Keluarga yang tinggal di rumah tersebut memang cukup asing dan memisahkan diri dari penduduk lokal.

Misionaris bernama Christopher L. Longfellow, akhirnya memutuskan untuk merawat bayi itu dan menamainya Grace Light Hill karena mendapati jenis kelaminnya perempuan dan ditemukan di dalam rumah di atas bukit.

Dua puluh tahun telah berlalu.

Kini gadis tersebut telah tumbuh dewasa, kuat, ceria, serta menjadi bunga desa.

Rumah di atas bukit pun telah menjadi ikon wisata, terbuka sebagai tempat ibadah, sekaligus tempat tinggal Grace sewaktu Bapa Chris pergi untuk melayani para jemaat di kota lain.

Ukuran tubuh Grace yang mungil seringkali disangka anak kecil berusia dua belas tahun, padahal usianya sudah lebih dari dua puluh tahun. Namun hal tersebut tidaklah menjadi batu sandungan baginya, akan tetapi keuntungan tersendiri.

Karena setiap orang yang pada awalnya meremehkan Grace, menjadi takjub akan tatanan bahasa yang rapih serta pola pikir yang sudah matang.

Dari segi emosional maupun personal, Grace termasuk introvert yang mudah bergaul dengan siapa pun yang ia temui.

Tidak heran, banyak pemuda yang mengincar Grace namun undur diri tatkala berbicara padanya.

Grace hidup dengan biaya yang awalnya ditanggung Bapa Chris selaku orang tua asuhnya, sumbangsih masyarakat sekitar, hingga pada akhirnya Grace bertekad untuk membiayai hidupnya sendiri saat ia menginjak usia remaja.

Ia bahkan memiliki sebidang tanah, peternakan sederhana, serta kebun sayur kecil yang sah secara surat saat berusia lima belas tahun dari hasil tabungannya sendiri.

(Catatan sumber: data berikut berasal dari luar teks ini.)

lemma rewrite_word_eval:
  "s < k \<Longrightarrow> w \<in> lists {p. snd p \<in> V} \<Longrightarrow>
    Ev (rewrite_word s w) \<otimes>\<^bsub>A\<^esub> U [^]\<^bsub>A\<^esub> final_coset s w = U [^]\<^bsub>A\<^esub> s \<otimes>\<^bsub>A\<^esub> word_eval A gen w"
proof (induction w arbitrary: s)
  case (Cons l w)
  obtain b x where l: "l = (b, x)" by (cases l)
  define s' where "s' = coset_step s (b, x)"
  have x: "x \<in> V" "w \<in> lists {p. snd p \<in> V}" using Cons l by auto
  have s': "s' < k" using coset_step_less Cons by (simp add: s'_def)
  have gens: "rewrite_letter s (b, x) \<in> lists {p. snd p \<in> Xs}" "rewrite_word s' w \<in> lists {p. snd p \<in> Xs}"
    using rewrite_letter_in_gens rewrite_word_in_gens Cons x s' by auto
  have closed: "Ev (rewrite_letter s (b, x)) \<in> carrier A" "Ev (rewrite_word s' w) \<in> carrier A"
    "gen x \<in> carrier A" "word_eval A gen w \<in> carrier A"
    using Ev_closed gens gen_closed x by (auto intro!: A.word_eval_closed)
  have "Ev (rewrite_word s (l # w)) \<otimes>\<^bsub>A\<^esub> U [^]\<^bsub>A\<^esub> final_coset s (l # w)
      = Ev (rewrite_letter s (b, x)) \<otimes>\<^bsub>A\<^esub> (Ev (rewrite_word s' w) \<otimes>\<^bsub>A\<^esub> U [^]\<^bsub>A\<^esub> final_coset s' w)"
    using Ev_append[OF gens] closed by (simp add: l s'_def A.m_assoc)
  also have "\<dots> = (Ev (rewrite_letter s (b, x)) \<otimes>\<^bsub>A\<^esub> U [^]\<^bsub>A\<^esub> s') \<otimes>\<^bsub>A\<^esub> word_eval A gen w"
    using Cons.IH[OF s' x(2)] closed by (simp add: A.m_assoc)
  also have "\<dots> = U [^]\<^bsub>A\<^esub> s \<otimes>\<^bsub>A\<^esub> word_eval A gen (l # w)"
    using rewrite_letter_eval[OF Cons.prems(1) x(1), of b] closed by (simp add: s'_def l A.m_assoc)
  finally show ?case .
qed simp

lemma kernel_group: "group (A\<lparr>carrier := H\<rparr>)"
  using subgroup.subgroup_is_group[OF kernel_subgroup A.group_axioms] .

lemma kernel_generated: "x \<in> H \<Longrightarrow> x \<in> generate (A\<lparr>carrier := H\<rparr>) (\<beta> ` Xs)"
proof -
  assume xH: "x \<in> H"
  then have xA: "x \<in> carrier A" by (simp add: kernel_def)
  have "generate A (gen ` V) = carrier A" "gen ` V \<subseteq> carrier A"
    using artin_presentation by (auto simp: presents_def)
  then obtain w where w: "w \<in> lists {p. snd p \<in> V}" "word_eval A gen w = x"
    using A.word_eval_of_generate xA by metis
  define f where "f = final_coset 0 w"
  have f: "f < k" using final_coset_less k_pos by (simp add: f_def)
  have gens: "rewrite_word 0 w \<in> lists {p. snd p \<in> Xs}" using rewrite_word_in_gens k_pos w by simp
  have eq: "Ev (rewrite_word 0 w) \<otimes>\<^bsub>A\<^esub> U [^]\<^bsub>A\<^esub> f = x"
    using rewrite_word_eval[OF k_pos w(1)] w(2) xA by (simp add: f_def)
  have EH: "Ev (rewrite_word 0 w) \<in> H"
    using group.word_eval_closed[OF kernel_group, of "rewrite_word 0 w" \<beta>] gens \<beta>_in_kernel
      word_eval_kernel[OF gens] by auto
  then have EA: "Ev (rewrite_word 0 w) \<in> carrier A" by (simp add: kernel_def)
  have "\<alpha> x = (\<alpha> (Ev (rewrite_word 0 w)) + \<alpha> (U [^]\<^bsub>A\<^esub> f)) mod int k"
    using hom_mult[OF \<alpha>_hom EA, of "U [^]\<^bsub>A\<^esub> f"] eq by simp
  also have "\<dots> = int f"
    using EH \<alpha>_U_pow[of f] f by (simp add: kernel_def)
  finally have "f = 0" using xH by (simp add: kernel_def)
  then have "x = word_eval (A\<lparr>carrier := H\<rparr>) \<beta> (rewrite_word 0 w)"
    using eq EA word_eval_kernel[OF gens] by simp
  also have "\<dots> \<in> generate (A\<lparr>carrier := H\<rparr>) (\<beta> ` Xs)"
    by (rule group.word_eval_in_generate[OF kernel_group]) (use \<beta>_in_kernel gens in auto)
  finally show ?thesis .
qed

fun lift_letter :: "bool \<times> 'v cletter \<Rightarrow> 'v word" where
  "lift_letter (b, Ubar) = replicate k (b, u)"
| "lift_letter (b, Vg v) = [(b, v)]"
| "lift_letter (b, Wg w i) = replicate i (True, u) @ [(b, w)] @ replicate i (False, u)"

definition lift :: "'v cletter word \<Rightarrow> 'v word" where
  "lift c = concat (map lift_letter c)"

lemma lift_letter_in_V: "x \<in> Xs \<Longrightarrow> lift_letter (b, x) \<in> lists {p. snd p \<in> V}"
  using u_in_V by (auto simp: cocyc_gens_iff Wu_iff dest: V2u_props)

lemma lift_in_V: "c \<in> lists {p. snd p \<in> Xs} \<Longrightarrow> lift c \<in> lists {p. snd p \<in> V}"
proof (induction c)
  case (Cons p c)
  then show ?case using lift_letter_in_V[of "snd p" "fst p"] by (simp add: lift_def)
qed (simp add: lift_def)

lemma artin_word_eval_append:
  "w \<in> lists {p. snd p \<in> V} \<Longrightarrow> v \<in> lists {p. snd p \<in> V} \<Longrightarrow>
    word_eval A gen (w @ v) = word_eval A gen w \<otimes>\<^bsub>A\<^esub> word_eval A gen v"
  by (rule A.word_eval_append) (auto intro: gen_closed)

lemma lift_letter_eval:
  assumes "x \<in> Xs"
  shows "word_eval A gen (lift_letter (b, x)) = Ev [(b, x)]"
  using assms
proof (cases rule: cocyc_gensE)
  case 1
  then show ?thesis
    by (cases b) (simp_all add: A.word_eval_replicate_True A.word_eval_replicate_False)
next
  case (2 v)
  then show ?thesis using V2u_props gen_closed by auto
next
  case (3 w i)
  then have gw: "gen w \<in> carrier A" using gen_closed by (simp add: Wu_iff)
  have in_V: "replicate i (True, u) \<in> lists {p. snd p \<in> V}" "[(b, w)] \<in> lists {p. snd p \<in> V}"
    "replicate i (False, u) \<in> lists {p. snd p \<in> V}"
    using 3 u_in_V by (auto simp: Wu_iff)
  have "word_eval A gen (lift_letter (b, x)) = U [^]\<^bsub>A\<^esub> i \<otimes>\<^bsub>A\<^esub>
      ((if b then gen w else inv\<^bsub>A\<^esub> (gen w)) \<otimes>\<^bsub>A\<^esub> inv\<^bsub>A\<^esub> (U [^]\<^bsub>A\<^esub> i))"
    using 3 gw artin_word_eval_append[OF in_V(1) append_in_lists_conv[THEN iffD2, OF conjI, OF in_V(2,3)]]
      artin_word_eval_append[OF in_V(2,3)]
    by (simp add: A.word_eval_replicate_True A.word_eval_replicate_False)
  moreover have "inv\<^bsub>A\<^esub> (A.conjugate (U [^]\<^bsub>A\<^esub> i) (gen w))
      = U [^]\<^bsub>A\<^esub> i \<otimes>\<^bsub>A\<^esub> (inv\<^bsub>A\<^esub> (gen w) \<otimes>\<^bsub>A\<^esub> inv\<^bsub>A\<^esub> (U [^]\<^bsub>A\<^esub> i))"
    using gw by (simp add: A.inv_conjugate) (simp add: A.conjugate_def A.m_assoc)
  ultimately show ?thesis
    using 3 gw by (simp add: A.conjugate_def A.m_assoc)
qed

lemma lift_eval: "c \<in> lists {p. snd p \<in> Xs} \<Longrightarrow> word_eval A gen (lift c) = Ev c"
proof (induction c)
  case (Cons p c)
  obtain b x where p: "p = (b, x)" by (cases p)
  have gens: "x \<in> Xs" "c \<in> lists {p. snd p \<in> Xs}" using Cons p by auto
  have "word_eval A gen (lift (p # c)) = word_eval A gen (lift_letter (b, x)) \<otimes>\<^bsub>A\<^esub> word_eval A gen (lift c)"
    using artin_word_eval_append[OF lift_letter_in_V[OF gens(1)] lift_in_V[OF gens(2)]]
    by (simp add: lift_def p)
  moreover have "Ev (p # c) = Ev [(b, x)] \<otimes>\<^bsub>A\<^esub> Ev c"
    using Ev_append[of "[(b, x)]" c] gens p by simp
  ultimately show ?case using Cons.IH gens lift_letter_eval by simp
qed (simp add: lift_def)

lemma rewrite_lift_letter:
  assumes "x \<in> Xs"
  shows "rewrite_word 0 (lift_letter (b, x)) = [(b, x)] \<and> final_coset 0 (lift_letter (b, x)) = 0"
proof -
  obtain k' where k': "k = Suc k'" using k_pos not0_implies_Suc by blast
  from assms show ?thesis
  proof (cases rule: cocyc_gensE)
    case 1
    show ?thesis
    proof (cases b)
      case True
      have "replicate k (True, u) = replicate k' (True, u) @ [(True, u)]"
        by (simp add: k' replicate_append_same)
      moreover have "k' < k" "Suc k' = k" using k' by simp_all
      ultimately show ?thesis using 1 True rewrite_replicate_u_True[of 0 k']
        by (simp add: rewrite_word_append final_coset_append rewrite_letter_def new_letter_def coset_step_def)
    next
      case False
      have "replicate k (False, u) = (False, u) # replicate k' (False, u)"
        by (simp add: k')
      moreover have "k - 1 = k'" using k' by simp
      ultimately show ?thesis using 1 False rewrite_replicate_u_False[of k' k']
        by (simp add: rewrite_letter_def new_letter_def coset_step_def)
    qed
  next
    case (2 v)
    then show ?thesis using V2u_props[of v] by (simp add: rewrite_letter_def new_letter_def coset_step_def)
  next
    case (3 w i)
    then show ?thesis using rewrite_replicate_u_True[of 0 i] rewrite_replicate_u_False[of i i]
      by (simp add: rewrite_word_append final_coset_append rewrite_letter_def new_letter_def coset_step_def Wu_iff)
  qed
qed

lemma rewrite_lift: "c \<in> lists {p. snd p \<in> Xs} \<Longrightarrow> rewrite_word 0 (lift c) = c"
proof (induction c)
  case (Cons p c)
  obtain b x where p: "p = (b, x)" by (cases p)
  then have "rewrite_word 0 (lift (p # c)) = rewrite_word 0 (lift_letter (b, x) @ lift c)"
    by (simp add: lift_def)
  then show ?case using Cons p rewrite_lift_letter[of x b] by (simp add: rewrite_word_append)
qed (simp add: lift_def)

lemma presents_kernel: "presents (A\<lparr>carrier := H\<rparr>) Xs Rs \<beta>"
  unfolding presents_def
proof (intro conjI ballI)
  show "group (A\<lparr>carrier := H\<rparr>)" by (rule kernel_group)
  show sub: "\<beta> ` Xs \<subseteq> carrier (A\<lparr>carrier := H\<rparr>)" using \<beta>_in_kernel by auto
  show "generate (A\<lparr>carrier := H\<rparr>) (\<beta> ` Xs) = carrier (A\<lparr>carrier := H\<rparr>)"
    using group.generate_incl[OF kernel_group sub] kernel_generated by auto
next
  fix c1 c2 :: "'v cletter word"
  assume c: "c1 \<in> lists {p. snd p \<in> Xs}" "c2 \<in> lists {p. snd p \<in> Xs}"
  show "word_eval (A\<lparr>carrier := H\<rparr>) \<beta> c1 = word_eval (A\<lparr>carrier := H\<rparr>) \<beta> c2 \<longleftrightarrow> pres_eqv Rs c1 c2"
    unfolding word_eval_kernel[OF c(1)] word_eval_kernel[OF c(2)]
  proof
    assume "Ev c1 = Ev c2"
    then have "pres_eqv (artin_rels E m) (lift c1) (lift c2)"
      using artin_words_eq_iff lift_eval lift_in_V c by metis
    then have "pres_eqv Rs (rewrite_word 0 (lift c1)) (rewrite_word 0 (lift c2))"
      using rewrite_equiv_of_pres_eqv k_pos by (simp add: rewrite_equiv_def)
    then show "pres_eqv Rs c1 c2" using rewrite_lift c by simp
  next
    assume "pres_eqv Rs c1 c2"
    then show "Ev c1 = Ev c2" using Ev_eq_of_pres_eqv gens_only_id c by metis
  qed
qed

end

theorem theorem2p1:
  fixes V :: "'v set" and E :: "'v set set" and m :: "'v set \<Rightarrow> nat"
    and A :: "('g, 'b) monoid_scheme" and gen :: "'v \<Rightarrow> 'g"
    and \<alpha> :: "'g \<Rightarrow> int" and u :: 'v and k :: nat
  assumes "even_labeled_graph V E m"
    and "presents A V (artin_rels E m) gen"
    and "u \<in> V" and "2 \<le> k"
    and "\<alpha> \<in> hom A (integer_mod_group k)"
    and "\<alpha> (gen u) = 1"
    and "\<And>v. v \<in> V \<Longrightarrow> v \<noteq> u \<Longrightarrow> \<alpha> (gen v) = 0"
  shows "presents (A\<lparr>carrier := kernel A (integer_mod_group k) \<alpha>\<rparr>)
           (cocyc_gens V E m u k) (cocyc_rels V E m u k) (cocyc_gen_val A gen u k)"
proof -
  interpret cocyclic_subgroup V E m A gen \<alpha> u k
    using assms by unfold_locales
  show ?thesis by (rule presents_kernel)
qed

end
lemma one_add_norm_power2_neq_zero [simp]: "1 + (norm x)\<^sup>2 \<noteq> (0::real)"
  by (metis add_pos_nonneg zero_le_power2 zero_less_one less_irrefl)

lemma has_derivative_square_div_one_add_norm_power2:
  fixes u :: "'a::real_inner \<Rightarrow> real"
  assumes "(u has_derivative (\<lambda>h. v \<bullet> h)) (at y)"
  shows "((\<lambda>x. (u x)\<^sup>2 / (1 + (norm x)\<^sup>2)) has_derivative
    (\<lambda>h. 2 * u y * (v \<bullet> h) / (1 + (norm y)\<^sup>2)
      - 2 * (u y)\<^sup>2 * (y \<bullet> h) / (1 + (norm y)\<^sup>2)\<^sup>2)) (at y)"
proof -
  have num: "((\<lambda>x. (u x)\<^sup>2) has_derivative (\<lambda>h. 2 * u y * (v \<bullet> h))) (at y)"
    using has_derivative_power[OF assms, of 2] by (simp add: algebra_simps)
  have "((\<lambda>x. 1 + x \<bullet> x) has_derivative (\<lambda>h. 2 * (y \<bullet> h))) (at y)"
    by (auto intro!: derivative_eq_intros simp: inner_commute)
  then have denom: "((\<lambda>x. 1 + (norm x)\<^sup>2) has_derivative (\<lambda>h. 2 * (y \<bullet> h))) (at y)"
    by (simp add: power2_norm_eq_inner)
  show ?thesis
    by (rule has_derivative_eq_rhs
        [OF has_derivative_divide[OF num denom one_add_norm_power2_neq_zero]])
      (simp add: fun_eq_iff field_simps power2_eq_square)
qed

lemma integral_cbox_dilation:
  fixes f :: "'a::euclidean_space \<Rightarrow> real"
  assumes f_cont: "continuous_on UNIV f" and supp: "\<And>x. r \<le> norm x \<Longrightarrow> f x = 0"
    and "0 < t" and box: "cball 0 (r / t) \<subseteq> cbox a b"
  shows "integral (cbox a b) (\<lambda>x. f (t *\<^sub>R x)) = (LINT x|lborel. f x) / t ^ DIM('a)"
proof -
  have ft_cont: "continuous_on UNIV (\<lambda>x. f (t *\<^sub>R x))"
    by (intro continuous_on_compose2[OF f_cont] continuous_intros) auto
  have ft_supp: "f (t *\<^sub>R x) = 0" if "r / t \<le> norm x" for x
    using supp[of "t *\<^sub>R x"] that \<open>0 < t\<close> by (simp add: divide_le_eq mult.commute)
  have "integral (cbox a b) (\<lambda>x. f (t *\<^sub>R x)) = (LINT x|lborel. f (t *\<^sub>R x))"
    by (rule lborel_integral_eq_integral_cbox[OF ft_cont ft_supp box, symmetric])
  also have "\<dots> = (LINT x|lborel. f x) / t ^ DIM('a)"
    using lborel_integral_dilation[OF integrable_vanishing_outside_cball[OF f_cont supp], where c=t]
      \<open>0 < t\<close>
    by (simp add: field_simps)
  finally show ?thesis .
qed

lemma has_field_derivative_integral_dilation:
  fixes f :: "'a::euclidean_space \<Rightarrow> real"
  assumes deriv: "\<And>x. (f has_derivative Df x) (at x)"
    and Df_cont: "continuous_on UNIV (\<lambda>p. Df (fst p) (snd p))"
  shows "((\<lambda>t. integral (cbox a b) (\<lambda>x. f (t *\<^sub>R x))) has_field_derivative
    integral (cbox a b) (\<lambda>x. Df x x)) (at 1)"
proof -
  have f_cont: "continuous_on UNIV f"
    using deriv by (meson continuous_at_imp_continuous_on has_derivative_continuous)
  have "((\<lambda>t. integral (cbox a b) (\<lambda>x. f (t *\<^sub>R x))) has_field_derivative
    integral (cbox a b) (\<lambda>x. Df (1 *\<^sub>R x) x)) (at 1 within UNIV)"
  proof (rule leibniz_rule_field_derivative[where fx="\<lambda>t x. Df (t *\<^sub>R x) x"])
    fix t and x :: 'a
    have "((\<lambda>t. t *\<^sub>R x) has_derivative (\<lambda>s. s *\<^sub>R x)) (at t)"
      by (intro derivative_eq_intros) auto
    then have "((\<lambda>t. f (t *\<^sub>R x)) has_derivative (\<lambda>s. Df (t *\<^sub>R x) (s *\<^sub>R x))) (at t)"
      by (rule has_derivative_compose[OF _ deriv])
    then show "((\<lambda>t. f (t *\<^sub>R x)) has_field_derivative Df (t *\<^sub>R x) x) (at t within UNIV)"
      unfolding has_field_derivative_def
      by (rule has_derivative_eq_rhs)
        (use has_derivative_linear[OF deriv] in \<open>auto simp: linear_scale mult.commute\<close>)
  next
    fix t
    show "(\<lambda>x. f (t *\<^sub>R x)) integrable_on cbox a b"
      by (intro integrable_continuous continuous_on_compose2[OF f_cont] continuous_intros) auto
  next
    show "continuous_on (UNIV \<times> cbox a b) (\<lambda>(t, x). Df (t *\<^sub>R x) x)"
    proof -
      have "continuous_on (UNIV \<times> cbox a b) (\<lambda>p. (fst p *\<^sub>R snd p, snd p))"
        by (intro continuous_intros)
      from continuous_on_compose2[OF Df_cont this] show ?thesis
        by (simp add: case_prod_beta)
    qed
  qed auto
  then show ?thesis
    by simp
qed
(* Let $N>1$ be an integer, $a\in\mathbb{R}$ with $|a|<1$, and $x_n=n/N$ for $n=0,\dots,N$. Let $g:[0,\infty)\to\mathbb{R}$ be bounded, with $g(x)=g(x-1)$ for all $x>1$, such that (1) $g$ is continuous on each of the intervals $[x_0,x_1],(x_1,x_2],\dots,(x_{N-1},x_N]$, and (2) the right limit $g(\tfrac nN+)$ exists for $n=1,\dots,N-1$. Let $f(x)=\sum_{k=0}^\infty a^kg(N^kx)$ for $x\ge0$; this is the solution of $f(x)-af(Nx)=g(x)$. Then $f$ interpolates the data $\{(x_n,y_n)\}_{n=0}^N$, where $$y_0=\frac{g(0)}{1-a},\qquad y_N=\frac{g(1)}{1-a},\qquad y_n=g(x_n)+\frac{a}{1-a}g(1)\ (n=1,\dots,N-1).$$ Moreover, the closure of the graph of $f$ restricted to $[0,1]$ is the unique attractor of the IFS $W=([0,1]\times\mathbb{R};w_1,\dots,w_N)$, where $w_n(x,y)=(L_n(x),ay+g_n(x))$, $L_n(x)=(x+n-1)/N$, and $$g_n(x)=\begin{cases} g(L_n(x)) & \text{if } 0<x<1,\\ g\!\left(\frac{n-1}{N}+\right) & \text{if } x=0,\\ g\!\left(\frac nN\right) & \text{if } x=1.\end{cases}$$ If in addition (3) $g(\tfrac nN+)-g(\tfrac nN)=\frac{a}{1-a}\big(g(1)-g(0)\big)$ for $n=1,\dots,N-1$, then $f$ is continuous on $[0,1]$ and the graph of $f$ restricted to $[0,1]$ is the unique attractor of this IFS.
   Context: For $n=1$, $g(0+)$ means the right limit at $0$ (equal to $g(0)$ by (1)). The attractor of the IFS $W$ is the unique nonempty compact set $A\subseteq[0,1]\times\mathbb{R}$ with $A=\bigcup_{n=1}^N w_n(A)$. *)

theory Defs
  imports "HOL-Analysis.Analysis"
begin

definition right_lim :: "(real \<Rightarrow> real) \<Rightarrow> real \<Rightarrow> real" where
  "right_lim g x = Lim (at_right x) g"

definition Lmap :: "nat \<Rightarrow> nat \<Rightarrow> real \<Rightarrow> real" where
  "Lmap N n x = (x + real n - 1) / real N"

definition gfun :: "(real \<Rightarrow> real) \<Rightarrow> nat \<Rightarrow> nat \<Rightarrow> real \<Rightarrow> real" where
  "gfun g N n x =
     (if 0 < x \<and> x < 1 then g (Lmap N n x)
      else if x = 0 then right_lim g ((real n - 1) / real N)
      else g (real n / real N))"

Saat ini ia sedang menekuni kuliah jurusan farmasi, bermodalkan tunjangan dari Bapa Chris dan sebagian dari hasil usahanya sendiri berjualan sayur, buah, dan komoditi lainnya secara berkeliling maupun daring. Grace menempuh sejauh kurang lebih 60 km setiap harinya pulang pergi untuk mengambil jadwal kuliah malam.

"Kamu yakin tidak ingin mengajukan beasiswa?" Tanya seorang ibu kepada Grace sembari ia membayar sekeranjang tomat segar yang dibawa Grace di pagi hari yang sejuk itu. Matahari masih belum sepenuhnya muncul.

"Aku sedang mengusahakannya, Bu Lola." Senyuman Grace yang manis selalu dapat menghibur siapa pun yang menjadi lawan bicaranya. "Akan tetapi aku masih perlu banyak belajar dulu. Kupikir, tidak akan mudah juga kalau hanya bermodalkan pengetahuanku yang terbatas ini."

Bu Lola tertawa kecil. "Grace, Grace. Kamu ini rendah hati sekali sih, Nak!" Sembari memeriksa sayur dan buah lain di sepeda kayuh yang dimodifikasi Grace menjadi 'sayur mayur keliling' yang terkenal murah dan berkualitas di desanya.

"Andai aku memiliki anak perempuan sepertimu, Nak~" Bu Lola mengambil wortel, memisahkannya dari beberapa sayuran lain yang sedang dipegangnya. "Anakku setiap hari taunya hanya rebahan, pacaran, rebahan, pacaran..."

Grace tertawa kecil sembari memperhatikan dan menghitung barang apa saja yang telah dipisahkan ibu tersebut dengan maksud ketika ditanya total pembeliannya nanti, ia dapat langsung memberikan angka yang tepat.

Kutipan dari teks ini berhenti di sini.